First, we set the default bundle:

In [1]:
from quantrocket.zipline import set_default_bundle
set_default_bundle("usstock-1min")
Out[1]:
{'status': 'successfully set default bundle'}

Then, we define a pipeline whose screen is based on the above universe selection rules. We also compute several columns that, while not yet necessary at this exploratory stage, will be useful later in identifying gaps: the moving average, the prior day's low, and the standard deviation of the stock's closing price (which will be used to make sure the gap is sufficiently large).

In [2]:
from zipline.pipeline import Pipeline
from zipline.pipeline.factors import AverageDollarVolume, SimpleMovingAverage, ExponentialWeightedMovingStdDev
from zipline.pipeline.data.equity_pricing import EquityPricing
from zipline.pipeline.data.master import SecuritiesMaster

# Rules for screen
# - common stocks only
# - must be liquid (top 10% by dollar volume)
# - must be above 20-day moving average
# - must not be too cheap or too expensive
mavg = SimpleMovingAverage(
    window_length = 20, inputs = [EquityPricing.close])
        
are_common_stocks = SecuritiesMaster.usstock_SecurityType2.latest.eq("Common Stock")
are_liquid = AverageDollarVolume(window_length=30).percentile_between(90,100)
are_above_mavg = EquityPricing.close.latest > mavg
are_not_too_cheap = EquityPricing.close.latest > 10
are_not_too_expensive = EquityPricing.close.latest < 2000
    
pipeline = Pipeline(
    columns={
        # mavg, prior_low and std will be needed later for the intraday trading logic
        "mavg": mavg,
        "prior_low": EquityPricing.low.latest,
        "std": ExponentialWeightedMovingStdDev(
            inputs=[EquityPricing.close], 
            window_length=63, 
            decay_rate=0.99)
    },
    screen=(
        are_common_stocks 
        & are_liquid 
        & are_above_mavg 
        & are_not_too_cheap
        & are_not_too_expensive
    )
)

Then we run the pipeline over a representative date range and plot the number of securities that passed the screen each day:

In [3]:
from zipline.research import run_pipeline
candidates = run_pipeline(pipeline, start_date="2019-07-01", end_date="2020-08-15")
candidates.groupby(candidates.index.get_level_values(0))["prior_low"].count().plot(title="Number of candidate securities per day")
/opt/conda/envs/zipline/lib/python3.6/site-packages/zipline/pipeline/filters/filter.py:473: RuntimeWarning: invalid value encountered in less_equal
  return (lower_bounds <= data) & (data <= upper_bounds)
Out[3]:
<matplotlib.axes._subplots.AxesSubplot at 0x7f24e77e4278>

If the number of candidate securities is too high for your real-time data limits, you can experiment with the pipeline screen until the number is more suitable.

Also keep in mind that you need not collect real-time data for every security that passes your screen.

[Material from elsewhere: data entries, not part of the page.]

(* Let $p$ be a prime, $k\ge1$, $\Gamma=\mathbb{Z}_p\,\mathrm{wr}\,\mathbb{Z}^k=\Sigma\rtimes_\alpha\mathbb{Z}^k$ with $\Sigma=\bigoplus_{x\in\mathbb{Z}^k}A_x$, and let $\phi:\Gamma\to\Gamma$ be an automorphism with restriction $\phi'=\phi|_\Sigma$. Then $\phi'(\delta_0)=m\cdot\delta_{x_0}$ for some $x_0\in\mathbb{Z}^k$ and some $0\neq m\in\mathbb{Z}_p$.
   Context: $\mathbb{Z}_p\,\mathrm{wr}\,\mathbb{Z}^k$ is the semidirect product $\Sigma\rtimes_\alpha\mathbb{Z}^k$, where $\Sigma=\bigoplus_{x\in\mathbb{Z}^k}A_x$ (finitely supported elements), each $A_x\cong\mathbb{Z}_p$ is generated by $\delta_x$, and $\alpha(y)(\delta_x)=\delta_{y+x}$ for $y\in\mathbb{Z}^k$. $\Sigma$ is the torsion subgroup, hence characteristic, so $\phi(\Sigma)=\Sigma$. *)

theory Defs
  imports "HOL-Computational_Algebra.Primes" "HOL-Algebra.Group"
begin

text \<open>The lattice Z^k, represented as integer vectors indexed by nat,
  vanishing outside the coordinates 0..k-1.\<close>
definition lattice :: "nat \<Rightarrow> (nat \<Rightarrow> int) set" where
  "lattice k = {v. \<forall>i\<ge>k. v i = 0}"

text \<open>Sigma = finitely supported functions Z^k -> Z_p (values in {0..<p}),
  zero outside Z^k.\<close>
definition Sigma_wr :: "nat \<Rightarrow> nat \<Rightarrow> ((nat \<Rightarrow> int) \<Rightarrow> int) set" where
  "Sigma_wr p k = {f. (\<forall>x. f x \<in> {0..<int p}) \<and> (\<forall>x. x \<notin> lattice k \<longrightarrow> f x = 0)
                      \<and> finite {x. f x \<noteq> 0}}"

text \<open>The shift action: alpha(y)(f)(x) = f(x - y), so alpha(y)(delta_x) = delta_(y+x).\<close>
definition shift_act :: "(nat \<Rightarrow> int) \<Rightarrow> ((nat \<Rightarrow> int) \<Rightarrow> int) \<Rightarrow> ((nat \<Rightarrow> int) \<Rightarrow> int)" where
  "shift_act y f = (\<lambda>x. f (\<lambda>i. x i - y i))"

definition lamplighter :: "nat \<Rightarrow> nat \<Rightarrow> (((nat \<Rightarrow> int) \<Rightarrow> int) \<times> (nat \<Rightarrow> int)) monoid" where
  "lamplighter p k = \<lparr> carrier = Sigma_wr p k \<times> lattice k,
      mult = (\<lambda>(f, y) (g, z). ((\<lambda>x. (f x + shift_act y g x) mod int p), (\<lambda>i. y i + z i))),
      one = ((\<lambda>_. 0), (\<lambda>_. 0)) \<rparr>"

definition lamp :: "nat \<Rightarrow> int \<Rightarrow> (nat \<Rightarrow> int) \<Rightarrow> ((nat \<Rightarrow> int) \<Rightarrow> int)" where
  "lamp p m x0 = (\<lambda>x. if x = x0 then m mod int p else 0)"

end

theory Submission
  imports Defs "HOL-Library.Function_Algebras"
begin

(* Elements of order dividing p are exactly those of the lamp group Sigma, so phi maps Sigma onto
   itself. Writing u = phi(delta_0) and (g, psi y) = phi(0, y), the relation
   (0, y) (c delta_0) = (c delta_y) (0, y) shows that phi(c delta_y) is c u translated by psi y.
   A preimage sum_y s_y delta_y of delta_0 thus exhibits delta_0 as a convolution w * u over Z^k
   with coefficients mod p. For an additive h : Z^k -> Z injective on the finitely many points
   involved, the h-maximal points of the supports of u and w contribute the product of two
   nonzero residues to the coefficient of their sum, with no cancellation; so that sum is 0.
   The same holds for the h-minimal points, so h is constant on the support of u, which is
   therefore a single point. *)

lemma finite_ex_argmax:
  fixes f :: "'a \<Rightarrow> 'b::linorder"
  assumes "finite S" "S \<noteq> {}"
  obtains a where "a \<in> S" "\<And>x. x \<in> S \<Longrightarrow> f x \<le> f a"
proof -
  have "Max (f ` S) \<in> f ` S" using assms by simp
  then obtain a where "a \<in> S" "f a = Max (f ` S)" by (metis imageE)
  with assms show thesis by (intro that) auto
qed

lemma argmax_sum_unique:
  fixes h :: "'a::plus \<Rightarrow> int"
  assumes add: "\<And>x y. h (x + y) = h x + h y"
    and inj: "inj_on h U" "inj_on h W"
    and a: "a \<in> U" "\<And>x. x \<in> U \<Longrightarrow> h x \<le> h a"
    and b: "b \<in> W" "\<And>y. y \<in> W \<Longrightarrow> h y \<le> h b"
    and xy: "x \<in> U" "y \<in> W" "x + y = a + b"
  shows "x = a \<and> y = b"
proof -
  have "h x + h y = h a + h b" using xy(3) add by metis
  then have "h x = h a" "h y = h b" using a(2)[OF xy(1)] b(2)[OF xy(2)] by linarith+
  then show ?thesis using inj a(1) b(1) xy(1,2) by (auto dest: inj_onD)
qed

lemma sum_mod_eq_sum_subset:
  fixes f :: "'a \<Rightarrow> int"
  assumes "finite B" "B' \<subseteq> B" "\<And>z. z \<in> B - B' \<Longrightarrow> p dvd f z"
  shows "(\<Sum>z\<in>B. f z) mod p = (\<Sum>z\<in>B'. f z) mod p"
proof -
  have "p dvd (\<Sum>z\<in>B - B'. f z)" using assms(3) by (rule dvd_sum)
  then show ?thesis
    using sum.subset_diff[OF assms(2,1), of f] by (simp add: mod_add_left_eq[symmetric])
qed

lemma convolution_delta_argmax_sum_eq_0:
  fixes u w :: "'a::ab_group_add \<Rightarrow> int" and h :: "'a \<Rightarrow> int" and p :: int and B :: "'a set"
  defines "U \<equiv> {x. \<not> p dvd u x}" and "W \<equiv> {z \<in> B. \<not> p dvd w z}"
  assumes p: "prime p" and B: "finite B"
    and conv: "\<And>x. (\<Sum>z\<in>B. w z * u (x - z)) mod p = (if x = 0 then 1 else 0)"
    and add: "\<And>x y. h (x + y) = h x + h y" and inj: "inj_on h U" "inj_on h W"
    and a: "a \<in> U" "\<And>x. x \<in> U \<Longrightarrow> h x \<le> h a"
    and b: "b \<in> W" "\<And>y. y \<in> W \<Longrightarrow> h y \<le> h b"
  shows "a + b = 0"
proof -
  have only_b: "{z \<in> B. z \<in> W \<and> a + b - z \<in> U} = {b}"
  proof (intro equalityI subsetI)
    fix z assume z: "z \<in> {z \<in> B. z \<in> W \<and> a + b - z \<in> U}"
    have "a + b - z + z = a + b" by simp
    then have "z = b"
      using argmax_sum_unique[OF add inj a b, of "a + b - z" z] z by blast
    then show "z \<in> {b}" by simp
  next
    fix z assume "z \<in> {b}"
    then show "z \<in> {z \<in> B. z \<in> W \<and> a + b - z \<in> U}"
      using a(1) b(1) by (simp add: W_def)
  qed
  have "(\<Sum>z\<in>B. w z * u (a + b - z)) mod p = (\<Sum>z\<in>{b}. w z * u (a + b - z)) mod p"
    unfolding only_b[symmetric]
    by (rule sum_mod_eq_sum_subset) (auto simp: B U_def W_def)
  then have "(w b * u a) mod p = (if a + b = 0 then 1 else 0)" using conv[of "a + b"] by simp
  moreover have "\<not> p dvd w b * u a"
    using a(1) b(1) p by (simp add: U_def W_def prime_dvd_mult_iff)
  ultimately show ?thesis by (auto split: if_splits)
qed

You could further filter the pipeline output in before_trading_start() and only initiate real-time data collection for this subset of securities. For example, if you wanted to impose a hard 100-ticker limit on real-time data collection, but your pipeline might return more than 100 securities, you could rank the pipeline output by one of your columns and take the top 100:

In [4]:
# Isolate a single day of pipeline output, the same as is provided to trading strategies
day_candidates = candidates.xs("2020-08-13")

# Take the top 100 most volatile
day_candidates = day_candidates.sort_values(by=["std"], ascending=False).iloc[:100]
day_candidates.head()
Out[4]:
mavgprior_lowstd
Equity(FIBBG000N9MNX3 [TSLA])1495.78601435.000288.116932
Equity(FIBBG000BCZBF1 [SAM])767.7845799.660122.199198
Equity(FIBBG000GQPB11 [MELI])1085.33251101.216114.804898
Equity(FIBBG000BLBVN4 [BKNG])1720.08951805.50079.225988
Equity(FIBBG000BZCKH3 [MTD])907.5960947.98168.048727

Code Reuse

An an optional step to facilitate code reuse, we copy our pipeline code to pipeline.py which will allow us to import it in other notebooks and in our Zipline strategy, without re-typing it every time.